Cant figure out what the issue is.  The file i'm loading is literally just
7 MB.  I thought it was jar files mismatch, but i did a compare and see
they're all identical.  But seeing as how they were all installed through
CDH parcels, not sure how there would be version mismatch on the nodes and
master.  Oh yeah 1 master node w/ 2 worker nodes and running in standalone
not through yarn.  So as a just in case, i copied the jars from the master
to the 2 worker nodes as just in case, and still same issue.


My spark-env.sh on the servers:

#!/usr/bin/env bash
##
# Generated by Cloudera Manager and should not be modified directly
##

export SPARK_HOME=/opt/cloudera/parcels/CDH-5.2.0-1.cdh5.2.0.p0.36/lib/spark
export STANDALONE_SPARK_MASTER_HOST=cloudera-1.testdomain.net
export SPARK_MASTER_PORT=7077
export
DEFAULT_HADOOP_HOME=/opt/cloudera/parcels/CDH-5.2.0-1.cdh5.2.0.p0.36/lib/hadoop

### Path of Spark assembly jar in HDFS
export
SPARK_JAR_HDFS_PATH=${SPARK_JAR_HDFS_PATH:-/user/spark/share/lib/spark-assembly.jar}

### Let's run everything with JVM runtime, instead of Scala
export SPARK_LAUNCH_WITH_SCALA=0
export SPARK_LIBRARY_PATH=${SPARK_HOME}/lib
export SCALA_LIBRARY_PATH=${SPARK_HOME}/lib
export SPARK_MASTER_IP=$STANDALONE_SPARK_MASTER_HOST

export HADOOP_HOME=${HADOOP_HOME:-$DEFAULT_HADOOP_HOME}

if [ -n "$HADOOP_HOME" ]; then
  export SPARK_LIBRARY_PATH=$SPARK_LIBRARY_PATH:${HADOOP_HOME}/lib/native
fi

export HADOOP_CONF_DIR=${HADOOP_CONF_DIR:-/etc/hadoop/conf}


And here's the spark-defaults.conf:

spark.eventLog.dir=hdfs://
cloudera-2.testdomain.net:8020/user/spark/applicationHistory
spark.eventLog.enabled=true
spark.master=spark://cloudera-1.testdomain.net:7077

Any help here would be greatly appreciated.
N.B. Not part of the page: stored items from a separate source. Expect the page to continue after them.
lemma socle_supported_polys:
  "socle H (supported_polys E) = (supported_polys (socle_exps H E) :: 'a::field poly set)"
proof
  show "socle H (supported_polys E) \<subseteq> (supported_polys (socle_exps H E) :: 'a poly set)"
  proof
    fix p :: "'a poly"
    assume "p \<in> socle H (supported_polys E)"
    then have pH: "p \<in> supported_polys H"
      and kills: "\<And>q. q \<in> supported_polys H \<Longrightarrow> coeff q 0 = 0 \<Longrightarrow> p * q \<in> supported_polys E"
      by (auto simp: socle_def sgring_eq_supported_polys)
    have "n + h \<in> E" if "coeff p n \<noteq> 0" "h \<in> H" "0 < h" for n h
    proof -
      have "p * monom 1 h \<in> supported_polys E"
        using kills[of "monom 1 h"] that by simp
      moreover have "coeff (p * monom 1 h) (n + h) = coeff p n"
        by (simp add: mult.commute[of p] coeff_monom_mult)
      ultimately show ?thesis
        using that(1) by (auto simp: mem_supported_polys)
    qed
    with pH show "p \<in> supported_polys (socle_exps H E)"
      by (auto simp: mem_supported_polys socle_exps_def)
  qed
next
  show "(supported_polys (socle_exps H E) :: 'a poly set) \<subseteq> socle H (supported_polys E)"
  proof
    fix p :: "'a poly"
    assume p: "p \<in> supported_polys (socle_exps H E)"
    have "p * q \<in> supported_polys E"
      if q: "q \<in> supported_polys H" "coeff q 0 = 0" for q
      unfolding mem_supported_polys
    proof (intro allI impI)
      fix n
      assume "coeff (p * q) n \<noteq> 0"
      then obtain i where "i \<le> n" "coeff p i \<noteq> 0" "coeff q (n - i) \<noteq> 0"
        by (rule coeff_mult_nonzeroE)
      moreover have "n - i \<noteq> 0"
        using q(2) \<open>coeff q (n - i) \<noteq> 0\<close> by auto
      ultimately have "i \<in> socle_exps H E" "n - i \<in> H" "0 < n - i" "i \<le> n"
        using p q(1) by (auto simp: mem_supported_polys)
      then show "n \<in> E"
        by (auto simp: socle_exps_def)
    qed
    moreover have "p \<in> supported_polys H"
      using p supported_polys_mono[of "socle_exps H E" H] by (auto simp: socle_exps_def)
    ultimately show "p \<in> socle H (supported_polys E)"
      by (auto simp: socle_def sgring_eq_supported_polys)
  qed
qed

lemma one_dim_modulo_supported_polys_iff:
  "(\<exists>p\<in>supported_polys S. p \<notin> supported_polys E
      \<and> (\<forall>q\<in>supported_polys S. \<exists>c. q - smult c p \<in> (supported_polys E :: 'a::field poly set)))
   \<longleftrightarrow> (\<exists>!s. s \<in> S - E)"
  (is "(\<exists>p\<in>?S. p \<notin> ?I \<and> (\<forall>q\<in>?S. \<exists>c. q - smult c p \<in> ?I)) \<longleftrightarrow> _")
proof
  assume "\<exists>p\<in>?S. p \<notin> ?I \<and> (\<forall>q\<in>?S. \<exists>c. q - smult c p \<in> ?I)"
  then obtain p where p: "p \<in> ?S" "p \<notin> ?I" and gen: "\<And>q. q \<in> ?S \<Longrightarrow> \<exists>c. q - smult c p \<in> ?I"
    by blast
  obtain s where s: "coeff p s \<noteq> 0" "s \<notin> E"
    using p(2) by (auto simp: mem_supported_polys)
  have "coeff p t' = 0" if t: "t \<in> S - E" "t' \<notin> E" "t' \<noteq> t" for t t'
  proof -
    obtain c where c: "monom 1 t - smult c p \<in> ?I"
      using gen[of "monom 1 t"] t(1) by auto
    then have "coeff (monom 1 t - smult c p) t = 0" "coeff (monom 1 t - smult c p) t' = 0"
      using t(1,2) unfolding mem_supported_polys by blast+
    then have "c * coeff p t = 1" "c * coeff p t' = 0"
      using t(3) by simp_all
    then show ?thesis
      by (metis mult_eq_0_iff mult_zero_left zero_neq_one)
  qed
  moreover have "s \<in> S"
    using p(1) s(1) by (auto simp: mem_supported_polys)
  ultimately show "\<exists>!s. s \<in> S - E"
    using s by blast
next
  assume "\<exists>!s. s \<in> S - E"
  then obtain s where s: "s \<in> S" "s \<notin> E" and uniq: "\<And>t. t \<in> S \<Longrightarrow> t \<notin> E \<Longrightarrow> t = s"
    by blast
  have "q - smult (coeff q s) (monom 1 s) \<in> ?I" if "q \<in> ?S" for q
    using that uniq by (auto simp: mem_supported_polys)
  then show "\<exists>p\<in>?S. p \<notin> ?I \<and> (\<forall>q\<in>?S. \<exists>c. q - smult c p \<in> ?I)"
    using s by (auto intro!: bexI[of _ "monom 1 s"])
qed

lemma gorenstein_quot_supported_polys_iff:
  assumes "E \<noteq> {}"
  shows "gorenstein_quot H (supported_polys E :: 'a::field poly set)
           \<longleftrightarrow> (\<exists>!s. s \<in> socle_exps H E - E)"
proof -
  have "supported_polys E \<noteq> ({0} :: 'a poly set)"
    using assms supported_polys_eq_zero_iff by blast
  then show ?thesis
    by (simp add: gorenstein_quot_def socle_supported_polys one_dim_modulo_supported_polys_iff)
qed

section \<open>Exponent sets with a single socle element\<close>

lemma mem_add_image_iff: "n \<in> (+) m ` C \<longleftrightarrow> m \<le> n \<and> n - m \<in> C"
  for m n :: nat
  by (auto simp: image_iff) (metis le_add_diff_inverse)

lemma numerical_semigroupD:
  assumes "numerical_semigroup H"
  shows "0 \<in> H" "\<And>a b. a \<in> H \<Longrightarrow> b \<in> H \<Longrightarrow> a + b \<in> H" "finite (- H)"
  using assms by (auto simp: numerical_semigroup_def)

lemma cofinite_nat_setE:
  assumes "finite (- H :: nat set)"
  obtains B where "\<And>n. B < n \<Longrightarrow> n \<in> H"
  using assms finite_nat_set_iff_bounded_le[of "- H"] by (meson ComplI not_le)

definition nondivisors :: "nat set \<Rightarrow> nat \<Rightarrow> nat set" where
  "nondivisors H s = {n \<in> H. \<not> (n \<le> s \<and> s - n \<in> H)}"

lemma sg_ideal_nondivisors:
  assumes "\<And>a b. a \<in> H \<Longrightarrow> b \<in> H \<Longrightarrow> a + b \<in> H"
  shows "sg_ideal H (nondivisors H s)"
  unfolding sg_ideal_def
proof (intro conjI ballI)
  fix a b
  assume a: "a \<in> H" and b: "b \<in> nondivisors H s"
  have "\<not> (a + b \<le> s \<and> s - (a + b) \<in> H)"
  proof
    assume "a + b \<le> s \<and> s - (a + b) \<in> H"
    then have "s - b \<in> H" and "b \<le> s"
      using assms[of "s - (a + b)" a] a by (simp_all add: algebra_simps)
    with b show False
      by (simp add: nondivisors_def)
  qed
  with a b assms show "a + b \<in> nondivisors H s"
    by (simp add: nondivisors_def)
qed (auto simp: nondivisors_def)

lemma nondivisors_nonempty:
  assumes "finite (- H)"
  shows "nondivisors H s \<noteq> {}"
proof -
  obtain B where "\<And>n. B < n \<Longrightarrow> n \<in> H"
    using cofinite_nat_setE[OF assms] by blast
  then have "s + B + 1 \<in> nondivisors H s"
    by (simp add: nondivisors_def)
  then show ?thesis
    by blast
qed

lemma Max_diff_nondivisors:
  assumes "0 \<in> H" "s \<in> H"
  shows "Max (H - nondivisors H s) = s"
proof (rule Max_eqI)
  show "finite (H - nondivisors H s)"
    by (rule finite_subset[of _ "{..s}"]) (auto simp: nondivisors_def)
qed (use assms in \<open>auto simp: nondivisors_def\<close>)

lemma socle_exps_nondivisors:
  assumes "0 \<in> H" "\<And>a b. a \<in> H \<Longrightarrow> b \<in> H \<Longrightarrow> a + b \<in> H" "s \<in> H"
  shows "socle_exps H (nondivisors H s) - nondivisors H s = {s}"
proof
  show "{s} \<subseteq> socle_exps H (nondivisors H s) - nondivisors H s"
    using assms by (auto simp: socle_exps_def nondivisors_def)
  show "socle_exps H (nondivisors H s) - nondivisors H s \<subseteq> {s}"
  proof
    fix n
    assume "n \<in> socle_exps H (nondivisors H s) - nondivisors H s"
    then have le: "n \<le> s" "s - n \<in> H"
      and up: "\<And>h. h \<in> H \<Longrightarrow> 0 < h \<Longrightarrow> n + h \<in> nondivisors H s"
      by (auto simp: socle_exps_def nondivisors_def)
    have "s \<notin> nondivisors H s"
      using assms(1) by (simp add: nondivisors_def)
    have "n = s"
    proof (rule ccontr)
      assume "n \<noteq> s"
      then have "n + (s - n) \<in> nondivisors H s"
        using up[OF le(2)] le(1) by simp
      with le(1) \<open>s \<notin> nondivisors H s\<close> show False
        by simp
    qed
    then show "n \<in> {s}"
      by simp
  qed
qed

text \<open>The exponents of \<open>R/I\<close> of the form \<open>n + h\<close> with \<open>h \<in> H\<close> form a finite set, and its
  largest element is a socle exponent.\<close>
lemma socle_exp_above:
  assumes H: "numerical_semigroup H" and E: "sg_ideal H E" "E \<noteq> {}"
    and n: "n \<in> H" "n \<notin> E"
  obtains h where "h \<in> H" "n + h \<in> socle_exps H E - E"
proof -
  note H0 = numerical_semigroupD(1)[OF H] and closed = numerical_semigroupD(2)[OF H]
  obtain B where B: "\<And>n. B < n \<Longrightarrow> n \<in> H"
    using cofinite_nat_setE[OF numerical_semigroupD(3)[OF H]] by blast
  obtain e where e: "e \<in> E"
    using E(2) by blast
  define T where "T = {h \<in> H. n + h \<notin> E}"
  have "T \<subseteq> {..e + B}"
  proof
    fix h
    assume h: "h \<in> T"
    show "h \<in> {..e + B}"
    proof (rule ccontr)
      assume "h \<notin> {..e + B}"
      then have "n + h - e \<in> H" and "n + h - e + e = n + h"
        using B[of "n + h - e"] by auto
      then have "n + h \<in> E"
        using E(1) e unfolding sg_ideal_def by metis
      with h show False
        by (simp add: T_def)
    qed
  qed
  then have fin: "finite T"
    by (rule finite_subset) simp
  have "0 \<in> T"
    using H0 n by (simp add: T_def)
  define h where "h = Max T"
  have h: "h \<in> T"
    using fin \<open>0 \<in> T\<close> by (auto simp: h_def intro: Max_in)
  have "n + h + h' \<in> E" if "h' \<in> H" "0 < h'" for h'
  proof (rule ccontr)
    assume "n + h + h' \<notin> E"
    then have "h + h' \<in> T"
      using closed[of h h'] h that(1) by (simp add: T_def add.assoc)
    then show False
      using Max_ge[OF fin] that(2) by (fastforce simp: h_def)
  qed
  with h closed n have "n + h \<in> socle_exps H E - E"
    by (simp add: T_def socle_exps_def)
  moreover have "h \<in> H"
    using h by (simp add: T_def)
  ultimately show thesis
    by (rule that[rotated])
qed

lemma subset_nondivisors:
  assumes "sg_ideal H E" "s \<notin> E"
  shows "E \<subseteq> nondivisors H s"
proof
  fix n
  assume n: "n \<in> E"
  have "\<not> (n \<le> s \<and> s - n \<in> H)"
  proof
    assume divides: "n \<le> s \<and> s - n \<in> H"
    then have "(s - n) + n \<in> E"
      using assms(1) n unfolding sg_ideal_def by blast
    with assms(2) divides show False
      by simp
  qed
  with n assms(1) show "n \<in> nondivisors H s"
    by (auto simp: sg_ideal_def nondivisors_def)
qed

lemma unique_socle_exp_iff_nondivisors:
  assumes H: "numerical_semigroup H" and E: "sg_ideal H E" "E \<noteq> {}"
  shows "(\<exists>!s. s \<in> socle_exps H E - E) \<longleftrightarrow> (\<exists>s\<in>H. E = nondivisors H s)"
proof
  assume "\<exists>!s. s \<in> socle_exps H E - E"
  then obtain s where s: "s \<in> socle_exps H E" "s \<notin> E"
    and uniq: "\<And>t. t \<in> socle_exps H E - E \<Longrightarrow> t = s"
    by blast
  have "nondivisors H s \<subseteq> E"
  proof
    fix n
    assume n: "n \<in> nondivisors H s"
    show "n \<in> E"
    proof (rule ccontr)
      assume "n \<notin> E"
      then obtain h where "h \<in> H" "n + h \<in> socle_exps H E - E"
        using socle_exp_above[OF H E] n by (auto simp: nondivisors_def)
      with uniq n show False
        by (fastforce simp: nondivisors_def)
    qed
  qed
  with subset_nondivisors[OF E(1) s(2)] have "E = nondivisors H s"
    by blast
  moreover have "s \<in> H"
    using s(1) by (simp add: socle_exps_def)
  ultimately show "\<exists>s\<in>H. E = nondivisors H s"
    by blast
next
  assume "\<exists>s\<in>H. E = nondivisors H s"
  then obtain s where "s \<in> H" "E = nondivisors H s"
    by blast
  then have "socle_exps H E - E = {s}"
    by (simp add: socle_exps_nondivisors numerical_semigroupD[OF H])
  then show "\<exists>!s. s \<in> socle_exps H E - E"
    by (metis singletonD singletonI)
qed

section \<open>Number of generators\<close>

definition sg_span :: "nat set \<Rightarrow> 'a::field poly set \<Rightarrow> 'a poly set" where
  "sg_span H G = {\<Sum>g\<in>G. r g * g | r. \<forall>g\<in>G. r g \<in> sgring H}"

lemma mu_eq_Least:
  "mu H I = (LEAST n. \<exists>G. finite G \<and> card G = n \<and> G \<subseteq> I \<and> I = sg_span H G)"
  by (simp add: mu_def sg_span_def)

lemma mu_le_card:
  assumes "finite G" "G \<subseteq> I" "I = sg_span H G"
  shows "mu H I \<le> card G"
  unfolding mu_eq_Least by (rule Least_le) (use assms in blast)

lemma minimal_generating_setE:
  assumes "finite G" "G \<subseteq> I" "I = sg_span H G"
  obtains G' where "finite G'" "card G' = mu H I" "G' \<subseteq> I" "I = sg_span H G'"
proof -
  have "\<exists>G'. finite G' \<and> card G' = mu H I \<and> G' \<subseteq> I \<and> I = sg_span H G'"
    unfolding mu_eq_Least by (rule LeastI_ex) (use assms in blast)
  with that show thesis
    by blast
qed

lemma sg_span_empty: "sg_span H {} = {0}"
  by (auto simp: sg_span_def)

lemma sg_span_singleton: "sg_span H {g} = {r * g | r. r \<in> sgring H}"
  by (auto simp: sg_span_def)

lemma zero_mem_sg_span: "0 \<in> sg_span H G"
  by (auto simp: sg_span_def sgring_eq_supported_polys intro!: exI[of _ "\<lambda>_. 0"])

lemma add_mem_sg_span:
  assumes "x \<in> sg_span H G" "y \<in> sg_span H G"
  shows "x + y \<in> sg_span H G"
proof -
  obtain r s where "x = (\<Sum>g\<in>G. r g * g)" "y = (\<Sum>g\<in>G. s g * g)"
    and "\<forall>g\<in>G. r g \<in> sgring H" "\<forall>g\<in>G. s g \<in> sgring H"
    using assms by (auto simp: sg_span_def)
  moreover have "(\<Sum>g\<in>G. r g * g) + (\<Sum>g\<in>G. s g * g) = (\<Sum>g\<in>G. (r g + s g) * g)"
    by (simp add: sum.distrib distrib_right)
  ultimately show ?thesis
    unfolding sg_span_def sgring_eq_supported_polys
    by (auto intro!: exI[of _ "\<lambda>g. r g + s g"] add_mem_supported_polys)
qed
I'm able to telnet but those ports to each server.  And ip resolves.  I'm @
a loss.

I tried doing a submit of a python file:

spark-submit --master spark://$SPARK_MASTER_IP:$SPARK_MASTER_PORT
--executor-memory 1G --total-executor-cores 2 test.py

where test.py is essentially:

from pyspark import SparkConf, SparkContext
sc = SparkContext()
print sc.textFile('/tmp/testfile.tsv').count()

and I still get same issue.

However, when i tried using the spark examples jar file:

spark-submit --class org.apache.spark.examples.SparkPi --master
spark://$SPARK_MASTER_IP:$SPARK_MASTER_PORT --executor-memory 1G
--total-executor-cores 2
$SPARK_HOME/examples/lib/spark-examples-1.1.0-cdh5.2.0-hadoop2.5.0-cdh5.2.0.jar
10

I had no issues.  What am I missing?

Thanks for any help and/or feedback.